Web geeks have long fantasized about a Web taxonomy: a classification scheme that would encompass the entire Web; not just pages, but also page content such as images and blog posts. Yahoo!'s hierarchical directory is an impressive attempt at a kind of Web taxonomy, but it's a weighty construction that doesn't make finding things on the Web all that much easier or faster. Even worse, it's a classification scheme that has been imposed from on high by Yahoo!'s information mavens. But top-down is the old way of doing things on the Web. We now live in the age of the long tail, the collective influence and power of the small sites and users that make up the vast majority of the Web. The big corporations might make up the "head" of the Web, but the hundreds of millions of personal sites, blogs, BitTorrent peers, and Flickr photo albums, not to mention the hundreds of millions of users roaming the Web, these comprise the beast's massively long tail.
What does this long tail model have to do with a Web taxonomy? It tells us that hundreds of millions of people can probably classify what they see and interact with on the Web more efficiently, more comprehensively, and more usefully than a small group of Yahoo! managers. In other words, we won't get a true Web taxonomy until the process switches from top down to ground up.
And that's just we we're starting to see happen all over the Web. At sites such as Flickr, del.icio.us, and Furl, ordinary users are creating their own taxonomic schemes. Only this isn't taxonomy — it's folksonomy, an ad hoc classification scheme that Web surfers invent as-they-surf as a way of categorizing the data they find online. It's also called (take a deep breath) folk categorization, communal categorization, ethnoclassification, distributed classification, social classification, faceted hierarchy, and mob indexing.
Folksonomists apply descriptive keywords — or tags — to the objects they come across. (Which explains a few other synonyms for folksonomy: folk tagging, open tagging, social tagging, and free tagging.) Social software — software that enables users to share information and collaborate online — makes these tags available to other users, who can then take advantage of all this tagging to search for the information they need. At the del.icio.us site, for example, users bookmark interesting pages and assign tags to each site, and those tags can then be searched. This is called social bookmarking and it has caught the attention of some big players, not least of which are the taxonomists at Yahoo!, which not long ago launched My Web 2.0, a social bookmarking service.
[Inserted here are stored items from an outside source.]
(* Let $P=(X,\leq)$ be a $(3+1)$-free partially ordered set with no infinite antichains. Then there exist a partition of $X$ into antichains and a chain $C\subseteq X$ of $P$ such that $C$ intersects every member of the partition.
   Context: A poset is $(3+1)$-free if it contains no induced subposet isomorphic to the disjoint union of a $3$-element chain and a $1$-element chain (i.e., there are no elements $a<b<c$ and $d$ with $d$ incomparable to each of $a,b,c$). An antichain is a set of pairwise incomparable elements; a chain is a set of pairwise comparable elements. *)

theory Defs
  imports Main
begin

definition partial_order_on_set :: "'a set \<Rightarrow> ('a \<Rightarrow> 'a \<Rightarrow> bool) \<Rightarrow> bool" where
  "partial_order_on_set X le \<longleftrightarrow>
     (\<forall>x\<in>X. le x x) \<and>
     (\<forall>x\<in>X. \<forall>y\<in>X. le x y \<and> le y x \<longrightarrow> x = y) \<and>
     (\<forall>x\<in>X. \<forall>y\<in>X. \<forall>z\<in>X. le x y \<and> le y z \<longrightarrow> le x z)"

definition comparable :: "('a \<Rightarrow> 'a \<Rightarrow> bool) \<Rightarrow> 'a \<Rightarrow> 'a \<Rightarrow> bool" where
  "comparable le x y \<longleftrightarrow> le x y \<or> le y x"
(* For an $L$-layer ADMM-CSNet at initialization (all weight entries i.i.d. $\mathcal N(0,1)$), for every $l\in[L]$ and $s\in[m]$, $\|\mathbf b^l_{s,0}\|_\infty=\tilde O(1/\sqrt m)$ with probability $1-me^{-c^l_{bs}\ln^2(m)}$ for some constant $c^l_{bs}>0$.
   Context: Fix $\lambda>0$ and $\sigma(x)=\log(1+e^{x-\lambda})-\log(1+e^{-x-\lambda})$ (componentwise), $L_\sigma$-Lipschitz and $\beta_\sigma$-smooth. ADMM-CSNet: input $\mathbf y\in\mathbb R^n$ with $|y_i|\le C_y$, initial $\mathbf z^0,\mathbf u^0\in\mathbb R^m$ with $|z^0_i|\le C_z$, $|u^0_i|\le C_u$; $\mathbf x^l=\frac1{\sqrt n}W_1^l\mathbf y+\frac1{\sqrt m}W_2^l(\mathbf z^{l-1}-\mathbf u^{l-1})$, $\mathbf z^l=\sigma(\mathbf x^l+\mathbf u^{l-1})$, $\mathbf u^l=\mathbf u^{l-1}+\mathbf x^l-\mathbf z^l$, $W_1^l\in\mathbb R^{m\times n}$, $W_2^l\in\mathbb R^{m\times m}$, output $\mathbf f=\frac1{\sqrt m}\mathbf z^L$, $f_s$ its $s$-th entry. $\mathbf b^l_{s,0}$ denotes $\partial f_s/\partial\mathbf z^l$ at the initial weights. $\tilde O$ is with respect to $m$, suppressing logarithmic factors. *)

theory Defs
  imports "HOL-Probability.Probability"
begin

definition admm_sigma :: "real \<Rightarrow> real \<Rightarrow> real" where
  "admm_sigma lam x = ln (1 + exp (x - lam)) - ln (1 + exp (- x - lam))"

text \<open>Weights: W (l, 1, i, j) is entry (i,j) of W_1^l (i < m, j < n);
  W (l, 2, i, j) is entry (i,j) of W_2^l (i < m, j < m); layers l = 1..L.
  Vectors in R^m / R^n are functions nat => real, only indices < m (< n) matter.\<close>
type_synonym widx = "nat \<times> nat \<times> nat \<times> nat"

definition weight_idx :: "nat \<Rightarrow> nat \<Rightarrow> nat \<Rightarrow> widx set" where
  "weight_idx L n m =
     {(l, k, i, j) | l k i j. 1 \<le> l \<and> l \<le> L \<and> i < m \<and>
        ((k = 1 \<and> j < n) \<or> (k = 2 \<and> j < m))}"

definition init_measure :: "nat \<Rightarrow> nat \<Rightarrow> nat \<Rightarrow> (widx \<Rightarrow> real) measure" where
  "init_measure L n m = PiM (weight_idx L n m) (\<lambda>_. density lborel std_normal_density)"

definition admm_x :: "nat \<Rightarrow> nat \<Rightarrow> (widx \<Rightarrow> real) \<Rightarrow> (nat \<Rightarrow> real) \<Rightarrow> nat
    \<Rightarrow> (nat \<Rightarrow> real) \<Rightarrow> (nat \<Rightarrow> real) \<Rightarrow> (nat \<Rightarrow> real)" where
  "admm_x n m W y l z u = (\<lambda>i.
      (\<Sum>j<n. W (l, 1, i, j) * y j) / sqrt (real n)
    + (\<Sum>j<m. W (l, 2, i, j) * (z j - u j)) / sqrt (real m))"

definition admm_layer :: "real \<Rightarrow> nat \<Rightarrow> nat \<Rightarrow> (widx \<Rightarrow> real) \<Rightarrow> (nat \<Rightarrow> real) \<Rightarrow> nat
    \<Rightarrow> (nat \<Rightarrow> real) \<times> (nat \<Rightarrow> real) \<Rightarrow> (nat \<Rightarrow> real) \<times> (nat \<Rightarrow> real)" where
  "admm_layer lam n m W y l zu =
     (let z = fst zu; u = snd zu; x = admm_x n m W y l z u;
          z' = (\<lambda>i. admm_sigma lam (x i + u i)) in
      (z', (\<lambda>i. u i + x i - z' i)))"

text \<open>Apply k layers, starting after layer l (i.e. layers l+1, ..., l+k).\<close>
fun admm_steps :: "real \<Rightarrow> nat \<Rightarrow> nat \<Rightarrow> (widx \<Rightarrow> real) \<Rightarrow> (nat \<Rightarrow> real) \<Rightarrow> nat \<Rightarrow> nat
    \<Rightarrow> (nat \<Rightarrow> real) \<times> (nat \<Rightarrow> real) \<Rightarrow> (nat \<Rightarrow> real) \<times> (nat \<Rightarrow> real)" where
  "admm_steps lam n m W y l 0 zu = zu"
| "admm_steps lam n m W y l (Suc k) zu =
     admm_steps lam n m W y (Suc l) k (admm_layer lam n m W y (Suc l) zu)"

definition admm_state where
  "admm_state lam n m W y z0 u0 l = admm_steps lam n m W y 0 l (z0, u0)"

text \<open>f_s as a function of z^l (all other quantities given by the forward recursion; in
  particular u^l = u^{l-1} + x^l - z^l, and layers l+1..L are applied).\<close>
definition admm_out_from :: "real \<Rightarrow> nat \<Rightarrow> nat \<Rightarrow> nat \<Rightarrow> (widx \<Rightarrow> real) \<Rightarrow> (nat \<Rightarrow> real)
    \<Rightarrow> (nat \<Rightarrow> real) \<Rightarrow> (nat \<Rightarrow> real) \<Rightarrow> nat \<Rightarrow> nat \<Rightarrow> (nat \<Rightarrow> real) \<Rightarrow> real" where
  "admm_out_from lam L n m W y z0 u0 l s z =
     (let prev = admm_state lam n m W y z0 u0 (l - 1);
          x = admm_x n m W y l (fst prev) (snd prev);
          u = (\<lambda>i. snd prev i + x i - z i) in
      fst (admm_steps lam n m W y l (L - l) (z, u)) s / sqrt (real m))"

definition admm_b :: "real \<Rightarrow> nat \<Rightarrow> nat \<Rightarrow> nat \<Rightarrow> (widx \<Rightarrow> real) \<Rightarrow> (nat \<Rightarrow> real)
    \<Rightarrow> (nat \<Rightarrow> real) \<Rightarrow> (nat \<Rightarrow> real) \<Rightarrow> nat \<Rightarrow> nat \<Rightarrow> nat \<Rightarrow> real" where
  "admm_b lam L n m W y z0 u0 l s j =
     (let zl = fst (admm_state lam n m W y z0 u0 l) in
      deriv (\<lambda>t. admm_out_from lam L n m W y z0 u0 l s (zl(j := t))) (zl j))"

definition admm_b_supnorm where
  "admm_b_supnorm lam L n m W y z0 u0 l s =
     Max ((\<lambda>j. \<bar>admm_b lam L n m W y z0 u0 l s j\<bar>) ` {..<m})"

end

theory Submission
  imports Defs
begin

text \<open>
  The vector b^l_s is computed by forward-mode differentiation: moving z^l along e_j moves
  (z^l, u^l) along (e_j, -e_j), and this tangent is pushed through the layers l+1, ..., L.
  Since |sigma'| <= 2, each layer multiplies the norm of the tangent by at most
  5 (beta / sqrt m + 1), where beta bounds the operator norm of W_2^q, and the output scaling
  contributes 1 / sqrt m.

  For a fixed unit vector c the entries of W_2 c are independent standard normals, so a
  Chernoff bound with E exp(X^2 / 4) = sqrt 2 gives P(|W_2 c|^2 >= T) <= exp(-T/4) sqrt 2 ^ m.
  A union bound over the (2m+1)^m points of a 1/m-grid on [-1,1]^m controls W_2 on the grid;
  the grid also contains the unit vectors, which bounds the Frobenius norm and hence the
  rounding error, so that |W_2| <= 2 sqrt T. With T = 16 m ln m a layer fails with probability
  at most m^-m, and beta / sqrt m = 8 sqrt (ln m) yields |b^l_s|_inf <= 2 45^L (ln m)^L / sqrt m
  outside an event of probability at most m exp (-(ln m)^2).
\<close>

definition admm_sigma_deriv :: "real \<Rightarrow> real \<Rightarrow> real" where
  "admm_sigma_deriv lam x =
     exp (x - lam) / (1 + exp (x - lam)) + exp (- x - lam) / (1 + exp (- x - lam))"
lemma oriented_integral_sum:
  fixes f :: "nat \<Rightarrow> real \<Rightarrow> 'a::banach"
  assumes "\<And>i a b. f i integrable_on {a..b}"
  shows "oriented_integral (\<lambda>t. \<Sum>i<N. f i t) u x = (\<Sum>i<N. oriented_integral (f i) u x)"
  unfolding oriented_integral_def using assms by (auto simp: integral_sum sum_negf)

lemma continuous_on_oriented_integral:
  fixes f :: "real \<Rightarrow> 'a::banach"
  assumes f: "\<And>a b. f integrable_on {a..b}"
  shows "continuous_on S (oriented_integral f u)"
proof (rule continuous_at_imp_continuous_on, intro ballI)
  fix x
  have "continuous_on {x-1..x+1} (\<lambda>y. oriented_integral f u (x-1) + integral {x-1..y} f)"
    by (intro continuous_intros indefinite_integral_continuous_1 f)
  then have "continuous_on {x-1..x+1} (oriented_integral f u)"
  proof (rule continuous_on_eq)
    fix y assume "y \<in> {x-1..x+1}"
    then show "oriented_integral f u (x-1) + integral {x-1..y} f = oriented_integral f u y"
      using oriented_integral_increment[OF f, of "x-1" y u] by (simp add: algebra_simps)
  qed
  then show "isCont (oriented_integral f u) x"
    by (rule continuous_on_interior) auto
qed

lemma oriented_integral_has_vector_derivative:
  fixes f :: "real \<Rightarrow> 'a::banach"
  assumes f: "continuous_on UNIV f"
  shows "(oriented_integral f u has_vector_derivative f x) (at x)"
proof -
  have f_int: "f integrable_on {a..b}" for a b
    by (rule integrable_continuous_interval) (use f continuous_on_subset in blast)
  have "((\<lambda>y. integral {x-1..y} f) has_vector_derivative f x) (at x within {x-1..x+1})"
    by (rule integral_has_vector_derivative) (use f continuous_on_subset in auto)
  then have "((\<lambda>y. integral {x-1..y} f) has_vector_derivative f x) (at x)"
    by (simp add: at_within_Icc_at)
  then have "((\<lambda>y. oriented_integral f u (x-1) + integral {x-1..y} f) has_vector_derivative f x) (at x)"
    by (intro derivative_eq_intros) auto
  then show ?thesis
  proof (rule has_vector_derivative_transform_within_open[where S="{x-1<..<x+1}"])
    fix y assume "y \<in> {x-1<..<x+1}"
    then show "oriented_integral f u (x-1) + integral {x-1..y} f = oriented_integral f u y"
      using oriented_integral_increment[OF f_int, of "x-1" y u] by (simp add: algebra_simps)
  qed auto
qed
(* Let $G=(S,T,\pi)$ be a countable two-person win-lose game such that every set in $\mathcal{B}^2(G)$ is finite, and assume $G$ is LNG-free. Then the infima below are attained and $$\sup_{\mathbf{p}\in\Delta(S)}\min_{\mathbf{q}\in\Delta(T)}\pi^{\mathrm{mix}}(\mathbf{p},\mathbf{q})=1=\min_{\mathbf{q}\in\Delta(T)}\sup_{\mathbf{p}\in\Delta(S)}\pi^{\mathrm{mix}}(\mathbf{p},\mathbf{q}).$$
   Context: A two-person win-lose game is $G=(S,T,\pi)$ with non-empty $S,T$ and $\pi:S\times T\to\{0,1\}$; countable means $|S|=|T|=\aleph_0$. $\Delta(X)$ is the set of probability distributions on $X$ with at most countable support; $\pi^{\mathrm{mix}}(\mathbf{p},\mathbf{q})=\sum p_sq_t\pi(s,t)$. For $t\in T$, $B_t=\{s\in S:\pi(s,t)=0\}$ and $\mathcal{B}^2(G)=\{B_t:t\in T\}$. $G$ is LNG-free if there are no sequences of distinct $s_1,s_2,\ldots\in S$ and distinct $t_1,t_2,\ldots\in T$ with $\pi(s_i,t_j)=1\iff i\ge j$. *)

theory Defs
  imports "HOL-Analysis.Analysis"
begin

text \<open>A two-person win-lose game (S, T, pi): strategy sets S, T and payoff
  pi : S x T -> {0,1}, represented as a boolean predicate (True = 1).\<close>

definition countable_game :: "'a set \<Rightarrow> 'b set \<Rightarrow> bool" where
  "countable_game S T \<longleftrightarrow> countable S \<and> infinite S \<and> countable T \<and> infinite T"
Sites such as Flickr (for photos) and Technorati (for blogs) maintain tag clouds, a list of the tags used on the site, although with some kind of visual indication of each tag's relative popularity. (At the Guardian newspaper, they call their tag cloud a folksonomic zeitgeist.) For example, the most popular tags are often shown with the largest font. Some sites even keep track of the tags that each user has applied in the past, the idea being that the user might be inclined to reuse those tags in the future. De.licio.us calls each user's tag cloud a tagroll (a play on blogroll, a blogger's list of links to other blogs that he or she reads).
But how can non-professional taggers hope to create a taxonomy that's as sophisticated as one that true Web mavens would make? The answer lies in something called the architecture of participation: services get better as the number of users increases. The canonical example is BitTorrent, where each user acts as both client (seed) and server (peer). Files are downloaded by taking small chunks from any peers who have the file and who are online. The more peers that are online, the faster the download. For folksonomy, the more folks there are applying tags, the more effective is the result. The writer Bruce Sterling calls the folksonomically enhanced Web, "common wisdom squared."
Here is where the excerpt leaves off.